Na czwarte urodziny chłopiec dostał misia.

Miś jak miś, zwykła przytulanka, ale chłopiec od razu go pokochał. Wszystkie inne zabawki natychmiast poszły w kąt. Nie, aby miał ich tak dużo – rodziców nie było stać na zbyt wiele.

Misiek był tak duży, że wzrostem niemal dorównywał chłopcu. Miał brązowe futerko, klapnięte uszka i czarny, chłodny nos. Chłopiec bardzo lubił zasypiać, wtulony w swojego pluszaka, który odpędzał złe strachy, czające się pod łóżkiem albo w szafie. Miał tylko jeden problem – nie wiedział, jak go nazwać. Przez kolejne kilka miesięcy misiek pozostawał bezimienny.

Rodzice próbowali pomóc, podsuwając coraz to nowe imiona, ale właściciel pluszaka wszystkie zdecydowanie odrzucał, twierdząc uparcie:

- Nieee... nie pasuje mu.

W końcu ojciec zażartował:

- To może misiek któregoś dnia sam szepnie ci do uszka, jak masz go nazwać.

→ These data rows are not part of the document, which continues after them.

text \<open>Testing Hom(C,B)-linearity against rank-one maps \<open>x \<mapsto> \<phi>(x) v\<close> reduces both sides to
  multiples of one nonzero scalar, the product functional evaluated on \<open>\<Delta>^(n) c\<close>.\<close>

lemma B_linear_head_if_hom_linear:
  assumes nv: "\<not> itcop_vanishes (Suc n)" and f: "multilinear sL sB (Suc n) f"
    and hom: "hom_linear sC sL sB \<Delta> mB \<mu> (Suc n) f" and R: "length R = n"
  shows "f (\<mu> b v # R) = mB b (f (v # R))"
proof -
  obtain c \<phi>s where l: "length \<phi>s = Suc (Suc n)" and lin: "\<forall>\<phi>\<in>set \<phi>s. Vector_Spaces.linear sC (*) \<phi>"
    and S: "sum_list (map (prod_apply \<phi>s) (itcop \<Delta> (Suc n) c)) \<noteq> 0" (is "?S \<noteq> 0")
    by (rule not_itcop_vanishesE[OF nv])
  then obtain \<phi>0 \<phi>1 \<phi>r where \<phi>s: "\<phi>s = \<phi>0 # \<phi>1 # \<phi>r" and "length \<phi>r = n"
    by (auto simp: length_Suc_conv)
  define \<beta> where "\<beta> = rank_one sB \<phi>0 b"
  define gs where "gs = map2 (rank_one sL) (\<phi>1 # \<phi>r) (v # R)"
  have gs: "length gs = Suc n" using \<open>length \<phi>r = n\<close> R by (simp add: gs_def)
  have \<beta>_lin: "Vector_Spaces.linear sC sB \<beta>"
    unfolding \<beta>_def using lin \<phi>s by (simp add: linear_rank_one vector_space_B)
  have gs_lin: "\<forall>g\<in>set gs. Vector_Spaces.linear sC sL g"
    unfolding gs_def using lin \<phi>s by (auto simp: linear_rank_one vector_space_L set_zip)
  have terms: "f ((apply_all gs (del 0 t))[0 := \<mu> (\<beta> (t ! 0)) (apply_all gs (del 0 t) ! 0)]) =
        sB (prod_apply \<phi>s t) (f (\<mu> b v # R))"
      "mB (\<beta> (t ! 0)) (f (apply_all gs (del 0 t))) = sB (prod_apply \<phi>s t) (mB b (f (v # R)))"
    if t: "t \<in> set (itcop \<Delta> (Suc n) c)" for t
  proof -
    obtain t0 t1 tr where t_eq: "t = t0 # t1 # tr" and "length tr = n"
      using length_itcop[OF t] by (auto simp: length_Suc_conv)
    define as where "as = apply_all (\<phi>1 # \<phi>r) (t1 # tr)"
    have "apply_all gs (del 0 t) = map2 sL as (v # R)" and "length as = Suc n"
      using t_eq \<open>length tr = n\<close> \<open>length \<phi>r = n\<close> R
      by (simp_all add: as_def gs_def del_0 apply_all_rank_one rank_one_def)
    moreover have "\<beta> (t ! 0) = sB (\<phi>0 t0) b" and "prod_apply \<phi>s t = \<phi>0 t0 * prod_list as"
      by (simp_all add: t_eq \<phi>s \<beta>_def rank_one_def as_def prod_apply_def)
    ultimately show
      "f ((apply_all gs (del 0 t))[0 := \<mu> (\<beta> (t ! 0)) (apply_all gs (del 0 t) ! 0)]) =
        sB (prod_apply \<phi>s t) (f (\<mu> b v # R))"
      "mB (\<beta> (t ! 0)) (f (apply_all gs (del 0 t))) = sB (prod_apply \<phi>s t) (mB b (f (v # R)))"
      using smult_head_map2_scale[OF f _ R, where as = as and a = "\<phi>0 t0"] by simp_all
  qed
  have "sB ?S (f (\<mu> b v # R)) = induced \<Delta> f (gs[0 := mu_bar \<Delta> \<mu> \<beta> (gs ! 0)]) c"
    by (simp add: induced_mu_bar_update[OF f gs] itcop_Suc_coproduct_at_0[symmetric] terms(1)
        sum_list_scale_left[OF vector_space_B] cong: map_cong)
  also have "\<dots> =
      sum_list (map (\<lambda>t. mB (\<beta> (t ! 0)) (f (apply_all gs (del 0 t)))) (itcop \<Delta> (Suc n) c))"
    using hom gs \<beta>_lin gs_lin unfolding hom_linear_def by blast
  also have "\<dots> = sB ?S (mB b (f (v # R)))"
    by (simp add: terms(2) sum_list_scale_left[OF vector_space_B] cong: map_cong)
  finally show ?thesis using S by simp
qed
(* Assume $k\ge 2$, $\epsilon\in(0,1)$, $\delta\in(0,1)$, and $B\ge 108\,\frac{k}{\epsilon^3}\log k$. Let $\gamma=\frac{\epsilon^2}{36\log k}$. Run the pre-processing algorithm with per-color budget $B'=1/\gamma$ (assumed to be an integer), obtaining $T$; let $\tilde C=\{c\in C: f_c(T)<\mathrm{OPT}\}$ and $\tilde f_c(A)=f_c(A\cup T)$ for $c\in\tilde C$; then run Algorithm 2 with failure parameter $\delta$ on the functions $(\tilde f_c)_{c\in\tilde C}$ with budget $\tilde B=B-|T|$, obtaining $\tilde S$ (take $\tilde S=\emptyset$ if $\tilde C=\emptyset$). Then with probability at least $1-\delta$, \[ \min_{c\in C} f_c(T\cup\tilde S)\;\ge\;\left(1-\frac1e-\epsilon\right)\mathrm{OPT}, \] and $|T\cup\tilde S|\le B$.
   Context: Setup: $V$ is a finite nonempty ground set, $C$ is a finite nonempty set of "colors", $k=|C|$. For each $c\in C$, $f_c\colon 2^V\to\mathbb{R}_{\ge 0}$ is monotone and submodular. $B$ is a positive integer (the budget). $f(T\mid S)=f(S\cup T)-f(S)$ and $f(v\mid S)=f(\{v\}\mid S)$. $\mathrm{OPT}=\max_{S\subseteq V,\,|S|\le B}\min_{c\in C} f_c(S)$. $\Delta_V$ is the probability simplex over $V$; $\log$ is the natural logarithm. Pre-processing algorithm (input: the $f_c$ and a per-color budget $B'$): set $T=\emptyset$; for each color $c\in C$, repeat $B'$ times: pick $v\in\arg\max_{v\in V} f_c(v\mid T)$ and set $T=T\cup\{v\}$. Output $T$. For a family of monotone submodular functions $(g_c)_{c\in D}$ on $V$ and budget $b$, $\mathrm{LP}(S)$ is: maximize $\xi$ subject to $\sum_{v\in V} x_v\,(b\, g_c(v\mid S)+g_c(S))\ge \xi$ for all $c\in D$, $x\in\Delta_V$. Algorithm 2 (input: $(g_c)_{c\in D}$, $b$, $\delta$): set $S_{\mathrm{best}}=\emptyset$; repeat, with independent randomness, $\lceil\log_2(2/\delta)\rceil$ times: $S^{(0)}=\emptyset$; for $i=1,\dots,b$: let $x^{(i)}$ be an optimal solution of $\mathrm{LP}(S^{(i-1)})$, sample $v^{(i)}\sim x^{(i)}$, $S^{(i)}=S^{(i-1)}\cup\{v^{(i)}\}$; if $\min_c g_c(S^{(b)})\ge\min_c g_c(S_{\mathrm{best}})$ set $S_{\mathrm{best}}=S^{(b)}$. Output $S_{\mathrm{best}}$. *)

theory Defs
  imports "HOL-Probability.Probability"
begin

definition marg :: "('v set \<Rightarrow> real) \<Rightarrow> 'v set \<Rightarrow> 'v set \<Rightarrow> real" where
  "marg h T S = h (S \<union> T) - h S"

definition mono_submod :: "'v set \<Rightarrow> ('v set \<Rightarrow> real) \<Rightarrow> bool" where
  "mono_submod V h \<longleftrightarrow>
     (\<forall>A. A \<subseteq> V \<longrightarrow> 0 \<le> h A) \<and>
     (\<forall>A B. A \<subseteq> B \<and> B \<subseteq> V \<longrightarrow> h A \<le> h B) \<and>
     (\<forall>A B. A \<subseteq> V \<and> B \<subseteq> V \<longrightarrow> h (A \<union> B) + h (A \<inter> B) \<le> h A + h B)"

definition OPT :: "'v set \<Rightarrow> 'c set \<Rightarrow> ('c \<Rightarrow> 'v set \<Rightarrow> real) \<Rightarrow> nat \<Rightarrow> real" where
  "OPT V C f B = Max {Min ((\<lambda>c. f c S) ` C) | S. S \<subseteq> V \<and> card S \<le> B}"

definition greedy_choice :: "'v set \<Rightarrow> ('v set \<Rightarrow> real) \<Rightarrow> 'v set \<Rightarrow> 'v \<Rightarrow> bool" where
  "greedy_choice V h T v \<longleftrightarrow> v \<in> V \<and> (\<forall>u\<in>V. marg h {u} T \<le> marg h {v} T)"

(* B' greedy steps for a single colour c, using the tie-breaking selector sel *)
primrec greedy_color :: "('c \<Rightarrow> 'v set \<Rightarrow> 'v) \<Rightarrow> 'c \<Rightarrow> nat \<Rightarrow> 'v set \<Rightarrow> 'v set" where
  "greedy_color sel c 0 T = T"
| "greedy_color sel c (Suc n) T = (let T' = greedy_color sel c n T in insert (sel c T') T')"

definition preprocess :: "('c \<Rightarrow> 'v set \<Rightarrow> 'v) \<Rightarrow> 'c list \<Rightarrow> nat \<Rightarrow> 'v set" where
  "preprocess sel cs B' = fold (\<lambda>c T. greedy_color sel c B' T) cs {}"

definition prob_simplex :: "'v set \<Rightarrow> ('v \<Rightarrow> real) set" where
  "prob_simplex V = {x. (\<forall>v\<in>V. 0 \<le> x v) \<and> (\<Sum>v\<in>V. x v) = 1}"

(* objective of LP(S) at x: the largest feasible \<xi>, i.e. min over colours *)
definition lp_obj :: "'v set \<Rightarrow> ('c \<Rightarrow> 'v set \<Rightarrow> real) \<Rightarrow> 'c set \<Rightarrow> nat \<Rightarrow> 'v set \<Rightarrow> ('v \<Rightarrow> real) \<Rightarrow> real" where
  "lp_obj V g D b S x = Min ((\<lambda>c. \<Sum>v\<in>V. x v * (real b * marg (g c) {v} S + g c S)) ` D)"

definition lp_optimal :: "'v set \<Rightarrow> ('c \<Rightarrow> 'v set \<Rightarrow> real) \<Rightarrow> 'c set \<Rightarrow> nat \<Rightarrow> 'v set \<Rightarrow> ('v \<Rightarrow> real) \<Rightarrow> bool" where
  "lp_optimal V g D b S x \<longleftrightarrow> x \<in> prob_simplex V \<and> (\<forall>y\<in>prob_simplex V. lp_obj V g D b S y \<le> lp_obj V g D b S x)"

definition sample :: "'v set \<Rightarrow> ('v \<Rightarrow> real) \<Rightarrow> 'v pmf" where
  "sample V x = embed_pmf (\<lambda>v. if v \<in> V then x v else 0)"

(* one run of the inner loop: i sampling rounds, sol S being the chosen optimal solution of LP(S) *)
primrec alg2_run :: "'v set \<Rightarrow> ('v set \<Rightarrow> 'v \<Rightarrow> real) \<Rightarrow> nat \<Rightarrow> 'v set pmf" where
  "alg2_run V sol 0 = return_pmf {}"
| "alg2_run V sol (Suc i) =
     bind_pmf (alg2_run V sol i) (\<lambda>S. map_pmf (\<lambda>v. insert v S) (sample V (sol S)))"

primrec alg2_rep :: "'v set \<Rightarrow> ('c \<Rightarrow> 'v set \<Rightarrow> real) \<Rightarrow> 'c set \<Rightarrow> nat
                      \<Rightarrow> ('v set \<Rightarrow> 'v \<Rightarrow> real) \<Rightarrow> nat \<Rightarrow> 'v set pmf" where
  "alg2_rep V g D b sol 0 = return_pmf {}"
| "alg2_rep V g D b sol (Suc j) =
     bind_pmf (alg2_rep V g D b sol j) (\<lambda>Sbest.
       bind_pmf (alg2_run V sol b) (\<lambda>S.
         return_pmf (if Min ((\<lambda>c. g c Sbest) ` D) \<le> Min ((\<lambda>c. g c S) ` D) then S else Sbest)))"

definition alg2 :: "'v set \<Rightarrow> ('c \<Rightarrow> 'v set \<Rightarrow> real) \<Rightarrow> 'c set \<Rightarrow> nat \<Rightarrow> real
                     \<Rightarrow> ('v set \<Rightarrow> 'v \<Rightarrow> real) \<Rightarrow> 'v set pmf" where
  "alg2 V g D b \<delta> sol = alg2_rep V g D b sol (nat \<lceil>log 2 (2 / \<delta>)\<rceil>)"

end

theory Submission
  imports Defs
begin

(* The greedy pre-processing leaves every marginal f_c(v | T) at most f_c(T) / B'. Hence for each
   colour c with f_c(T) < OPT the residual function A |-> f_c(A \<union> T) has marginals at most
   gamma * OPT, while T uses only an epsilon/3 fraction of the budget. Comparing an optimal LP
   solution with the uniform distribution on an optimal set gives, in every sampling round of
   Algorithm 2, the drift E[g_c(S + v)] - g_c(S) >= (a - g_c(S)) / b with a = (b / B) OPT. Drift
   and bounded increments make exp(lambda_i (a - g_c(S_i))), for suitably increasing lambda_i, a
   supermartingale, so by Markov's inequality one run ends below (1 - 1/e - epsilon) OPT in colour
   c with probability at most 1/k^2. A union bound gives failure probability 1/2 per run, and
   ceil(log_2 (2/delta)) independent repetitions reduce it to delta. *)

section \<open>Monotone submodular functions\<close>

lemma mono_submod_nonneg: "mono_submod V h \<Longrightarrow> A \<subseteq> V \<Longrightarrow> 0 \<le> h A"
  unfolding mono_submod_def by blast

lemma mono_submod_mono: "mono_submod V h \<Longrightarrow> A \<subseteq> B \<Longrightarrow> B \<subseteq> V \<Longrightarrow> h A \<le> h B"
  unfolding mono_submod_def by blast

lemma mono_submod_submod:
  "mono_submod V h \<Longrightarrow> A \<subseteq> V \<Longrightarrow> B \<subseteq> V \<Longrightarrow> h (A \<union> B) + h (A \<inter> B) \<le> h A + h B"
  unfolding mono_submod_def by blast

lemma marg_singleton: "marg h {v} S = h (insert v S) - h S"
  by (simp add: marg_def)

lemma marg_singleton_nonneg:
  "mono_submod V h \<Longrightarrow> S \<subseteq> V \<Longrightarrow> v \<in> V \<Longrightarrow> 0 \<le> marg h {v} S"
  unfolding marg_singleton using mono_submod_mono[of V h S "insert v S"] by auto

lemma marg_singleton_antimono:
  assumes h: "mono_submod V h" and AB: "A \<subseteq> B" "B \<subseteq> V" and v: "v \<in> V"
  shows "marg h {v} B \<le> marg h {v} A"
proof (cases "v \<in> B")
  case True
  then show ?thesis
    using marg_singleton_nonneg[OF h _ v, of A] AB by (simp add: marg_singleton insert_absorb)
next
  case False
  have "insert v A \<union> B = insert v B" "insert v A \<inter> B = A"
    using AB False by auto
  then have "h (insert v B) + h A \<le> h (insert v A) + h B"
    using mono_submod_submod[OF h, of "insert v A" B] AB v by auto
  then show ?thesis unfolding marg_singleton by linarith
qed

lemma mono_submod_Un_le_sum_marg:
  assumes h: "mono_submod V h" and A: "finite A" "A \<subseteq> V" and S: "S \<subseteq> V"
  shows "h (S \<union> A) - h S \<le> (\<Sum>v\<in>A. marg h {v} S)"
  using A
proof (induction A rule: finite_induct)
  case empty
  then show ?case by simp
next
  case (insert a A)
  have "marg h {a} (S \<union> A) \<le> marg h {a} S"
    using marg_singleton_antimono[OF h, of S "S \<union> A" a] insert S by auto
  then show ?case using insert by (simp add: marg_singleton)
qed

lemma mono_submod_Un_right:
  assumes h: "mono_submod V h" and T: "T \<subseteq> V"
  shows "mono_submod V (\<lambda>A. h (A \<union> T))"
  unfolding mono_submod_def
proof (intro conjI allI impI)
  fix A assume "A \<subseteq> V"
  then show "0 \<le> h (A \<union> T)" using mono_submod_nonneg[OF h] T by simp
next
  fix A B assume "A \<subseteq> B \<and> B \<subseteq> V"
  then show "h (A \<union> T) \<le> h (B \<union> T)"
    using mono_submod_mono[OF h] T by (meson Un_mono le_sup_iff order_refl)
next
  fix A B assume "A \<subseteq> V \<and> B \<subseteq> V"
  moreover have "(A \<union> T) \<union> (B \<union> T) = (A \<union> B) \<union> T" and "(A \<union> T) \<inter> (B \<union> T) = (A \<inter> B) \<union> T"
    by auto
  ultimately show "h ((A \<union> B) \<union> T) + h ((A \<inter> B) \<union> T) \<le> h (A \<union> T) + h (B \<union> T)"
    using mono_submod_submod[OF h, of "A \<union> T" "B \<union> T"] T by auto
qed

lemma OPT_attained:
  assumes "finite V"
  obtains S where "S \<subseteq> V" "card S \<le> B" "Min ((\<lambda>c. f c S) ` C) = OPT V C f B"
proof -
  let ?feasible = "{S. S \<subseteq> V \<and> card S \<le> B}"
  let ?value = "\<lambda>S. Min ((\<lambda>c. f c S) ` C)"
  have "finite ?feasible" by (rule finite_subset[of _ "Pow V"]) (use assms in auto)
  moreover have "{} \<in> ?feasible" by simp
  ultimately have "Max (?value ` ?feasible) \<in> ?value ` ?feasible"
    by (intro Max_in) auto
  moreover have "OPT V C f B = Max (?value ` ?feasible)"
    unfolding OPT_def by (rule arg_cong[where f = Max]) auto
  ultimately have "OPT V C f B \<in> ?value ` ?feasible" by simp
  then obtain S where S: "S \<in> ?feasible" and opt: "OPT V C f B = ?value S" by (rule imageE)
  show ?thesis by (rule that[of S]) (use S opt in simp_all)
qed

lemma OPT_nonneg:
  assumes "finite V" and "finite C" and "C \<noteq> {}" and "\<forall>c\<in>C. mono_submod V (f c)"
  shows "0 \<le> OPT V C f B"
proof -
  obtain S where S: "S \<subseteq> V" "Min ((\<lambda>c. f c S) ` C) = OPT V C f B"
    using OPT_attained[OF assms(1)] by blast
  show ?thesis
    unfolding S(2)[symmetric] using assms(2-4) mono_submod_nonneg[OF _ S(1)] by (simp add: Min_ge_iff)
qed

section \<open>Greedy pre-processing\<close>

lemma card_insert_le_Suc: "card (insert x A) \<le> Suc (card A)"
  by (cases "finite A") (auto simp: card_insert_if)

lemma greedy_color_subset:
  assumes sel: "\<forall>T\<subseteq>V. greedy_choice V h T (sel c T)" and T0: "T0 \<subseteq> V"
  shows "T0 \<subseteq> greedy_color sel c n T0 \<and> greedy_color sel c n T0 \<subseteq> V"
proof (induction n)
  case 0
  then show ?case using T0 by simp
next
  case (Suc n)
  then have "sel c (greedy_color sel c n T0) \<in> V"
    using sel unfolding greedy_choice_def by blast
  with Suc show ?case by (auto simp: Let_def)
qed

lemma card_greedy_color_le: "card (greedy_color sel c n T0) \<le> card T0 + n"
  by (induction n) (auto simp: Let_def intro: order.trans[OF card_insert_le_Suc])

Chłopiec zrobił wielkie oczy.

- Przecież pluszowe misie nie mówią!

- Czasami może i mówią – uśmiechnął się ojciec, biorąc synka na kolana.

- Daj spokój, wmawiasz dziecku takie rzeczy... - odezwała się matka.

- Nigdy nic nie wiadomo, kochanie. Trzeba mieć otwarty umysł...

- Mój misio też może ze mną rozmawiać? - Chłopiec wiedział, że niegrzecznie jest przerywać, gdy inni rozmawiają, ale był tak podekscytowany, że omal nie spadł tacie z kolan.

- Być może, być może... jeśli będziesz grzeczny. Misie lubią grzeczne dzieci, które nie wybrzydzają przy jedzeniu, wkładają zimą czapkę i kładą się spać, kiedy mama każe iść do łóżka. - Chłopiec wtulił się w ojca, zasłuchany w ton jego głosu. - Może któregoś wieczoru twój misiek również do ciebie przemówi.

Ojciec nie wiedział, że ta z pozoru niewinna historyjka utkwi w głowie synka na dobre. Od tej pory chłopiec każdego wieczoru przed pójściem spać sadzał miśka na krześle, tak, aby mógł na niego patrzeć. Wtedy starał się za wszelką cenę nie zasnąć, nie spuszczając wzroku z pluszaka i łudząc się, że lada chwila brązowe uszy staną na baczność. Niestety, jeśli misiek istotnie ożywał, robił to zawsze wtedy, kiedy jego właściciel już spał. Każdego ranka chłopiec budził się niepocieszony, obiecując sobie: "Więcej nie zasnę". I oczywiście każdego wieczoru łamał to przyrzeczenie.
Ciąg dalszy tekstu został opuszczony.